-------- RECORD EXTRACTS --------

lemma idem_mult_idem:
  assumes e: "e \<cdot> e = e" and f: "f \<cdot> f = f"
  shows "e \<cdot> f \<cdot> (e \<cdot> f) = e \<cdot> f"
proof -
  define x where "x = istar m (e \<cdot> f)"
  have x: "e \<cdot> f \<cdot> x \<cdot> (e \<cdot> f) = e \<cdot> f" "x \<cdot> (e \<cdot> f) \<cdot> x = x"
    unfolding x_def using mult_istar_mult istar_mult_istar by blast+
  \<comment> \<open>\<open>f x e\<close> is again an inverse of \<open>e f\<close>, so it equals \<open>x\<close>; this makes \<open>x\<close> idempotent\<close>
  have "e \<cdot> f \<cdot> (f \<cdot> x \<cdot> e) \<cdot> (e \<cdot> f) = e \<cdot> f" "f \<cdot> x \<cdot> e \<cdot> (e \<cdot> f) \<cdot> (f \<cdot> x \<cdot> e) = f \<cdot> x \<cdot> e"
    using x e f by (metis assoc)+
  then have "x = f \<cdot> x \<cdot> e"
    unfolding x_def by (rule istar_unique)
  then have "x \<cdot> x = x"
    using x e f by (metis assoc)
  then have "istar m x = x"
    by (rule istar_idem)
  then show ?thesis
    using \<open>x \<cdot> x = x\<close> unfolding x_def by simp
qed

lemma idems_iff: "e \<in> idems m \<longleftrightarrow> e \<cdot> e = e"
  by (simp add: idems_def)

lemma idems_commute:
  assumes "e \<in> idems m" "f \<in> idems m"
  shows "e \<cdot> f = f \<cdot> e"
proof -
  have e: "e \<cdot> e = e" and f: "f \<cdot> f = f"
    using assms by (simp_all add: idems_iff)
  have ef: "e \<cdot> f \<cdot> (e \<cdot> f) = e \<cdot> f" and fe: "f \<cdot> e \<cdot> (f \<cdot> e) = f \<cdot> e"
    using idem_mult_idem e f by blast+
  have "e \<cdot> f \<cdot> (f \<cdot> e) \<cdot> (e \<cdot> f) = e \<cdot> f" "f \<cdot> e \<cdot> (e \<cdot> f) \<cdot> (f \<cdot> e) = f \<cdot> e"
    using ef fe e f by (metis assoc)+
  then have "istar m (e \<cdot> f) = f \<cdot> e"
    by (rule istar_unique)
  then show ?thesis
    using istar_idem[OF ef] by simp
qed

lemma idems_mult_closed: "e \<in> idems m \<Longrightarrow> f \<in> idems m \<Longrightarrow> e \<cdot> f \<in> idems m"
  by (simp add: idems_iff idem_mult_idem)

lemma idems_mult_self: "e \<in> idems m \<Longrightarrow> e \<cdot> (e \<cdot> y) = e \<cdot> y"
  by (simp add: idems_iff assoc[symmetric])

lemma unit_in_idems: "u \<in> idems m"
  by (simp add: idems_iff)

lemma istar_mult_in_idems: "istar m s \<cdot> s \<in> idems m"
  and mult_istar_in_idems: "s \<cdot> istar m s \<in> idems m"
  by (simp_all add: idems_iff assoc mult_istar_mult_cancel istar_mult_istar_cancel)

lemma istar_of_idems: "e \<in> idems m \<Longrightarrow> istar m e = e"
  by (simp add: idems_iff istar_idem)

lemma istar_mult: "istar m (s \<cdot> t) = istar m t \<cdot> istar m s"
proof (rule istar_unique)
  have "t \<cdot> istar m t \<cdot> (istar m s \<cdot> s) = istar m s \<cdot> s \<cdot> (t \<cdot> istar m t)"
    using idems_commute[OF mult_istar_in_idems istar_mult_in_idems] .
  then have swap: "t \<cdot> (istar m t \<cdot> (istar m s \<cdot> (s \<cdot> y))) = istar m s \<cdot> (s \<cdot> (t \<cdot> (istar m t \<cdot> y)))" for y
    by (metis assoc)
  show "s \<cdot> t \<cdot> (istar m t \<cdot> istar m s) \<cdot> (s \<cdot> t) = s \<cdot> t"
    by (simp add: assoc swap mult_istar_mult_cancel) (simp add: assoc[symmetric] mult_istar_mult)
  show "istar m t \<cdot> istar m s \<cdot> (s \<cdot> t) \<cdot> (istar m t \<cdot> istar m s) = istar m t \<cdot> istar m s"
    by (simp add: assoc swap[symmetric] istar_mult_istar_cancel) (simp add: assoc[symmetric] istar_mult_istar)
qed

lemma idems_conj:
  assumes e: "e \<in> idems m"
  shows "istar m t \<cdot> e \<cdot> t \<in> idems m"
proof -
  have "t \<cdot> istar m t \<cdot> e = e \<cdot> (t \<cdot> istar m t)"
    using idems_commute[OF mult_istar_in_idems e] .
  then have swap: "t \<cdot> (istar m t \<cdot> (e \<cdot> y)) = e \<cdot> (t \<cdot> (istar m t \<cdot> y))" for y
    by (metis assoc)
  have "istar m t \<cdot> e \<cdot> t \<cdot> (istar m t \<cdot> e \<cdot> t) = istar m t \<cdot> (e \<cdot> (t \<cdot> (istar m t \<cdot> (e \<cdot> t))))"
    by (simp add: assoc)
  also have "\<dots> = istar m t \<cdot> (e \<cdot> (t \<cdot> (istar m t \<cdot> t)))"
    by (simp only: swap idems_mult_self[OF e])
  also have "\<dots> = istar m t \<cdot> (e \<cdot> t)"
    by (simp add: assoc[symmetric] mult_istar_mult)
  finally show ?thesis
    by (simp add: idems_iff assoc)
qed

end

section \<open>Characters and germs\<close>

context inverse_semigroup
begin

lemma charsD:
  assumes "\<phi> \<in> chars m z u"
  shows "\<phi> x \<Longrightarrow> x \<in> idems m" "\<not> \<phi> z" "\<phi> u"
    "e \<in> idems m \<Longrightarrow> f \<in> idems m \<Longrightarrow> \<phi> (e \<cdot> f) \<longleftrightarrow> \<phi> e \<and> \<phi> f"
  using assms unfolding chars_def by auto

lemma Uset_subset_chars: "Uset m z u e \<subseteq> chars m z u"
  by (auto simp: Uset_def)

definition germ_rel :: "('a \<Rightarrow> bool) \<Rightarrow> 'a \<Rightarrow> 'a \<Rightarrow> bool" where
  "germ_rel \<phi> s t \<longleftrightarrow> (\<exists>e\<in>idems m. \<phi> e \<and> s \<cdot> e = t \<cdot> e)"

lemma germ_rel_refl: "\<phi> \<in> chars m z u \<Longrightarrow> germ_rel \<phi> s s"
  unfolding germ_rel_def using charsD(3) unit_in_idems by blast

lemma germ_rel_sym: "germ_rel \<phi> s t \<Longrightarrow> germ_rel \<phi> t s"
  unfolding germ_rel_def by metis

--------

Set down, exactly as they appear, the lines above from the first one to the line that holds "makes \<open>x\<close> idempotent\<close>", both included, please, and no others.

lemma idem_mult_idem:
  assumes e: "e \<cdot> e = e" and f: "f \<cdot> f = f"
  shows "e \<cdot> f \<cdot> (e \<cdot> f) = e \<cdot> f"
proof -
  define x where "x = istar m (e \<cdot> f)"
  have x: "e \<cdot> f \<cdot> x \<cdot> (e \<cdot> f) = e \<cdot> f" "x \<cdot> (e \<cdot> f) \<cdot> x = x"
    unfolding x_def using mult_istar_mult istar_mult_istar by blast+
  \<comment> \<open>\<open>f x e\<close> is again an inverse of \<open>e f\<close>, so it equals \<open>x\<close>; this makes \<open>x\<close> idempotent\<close>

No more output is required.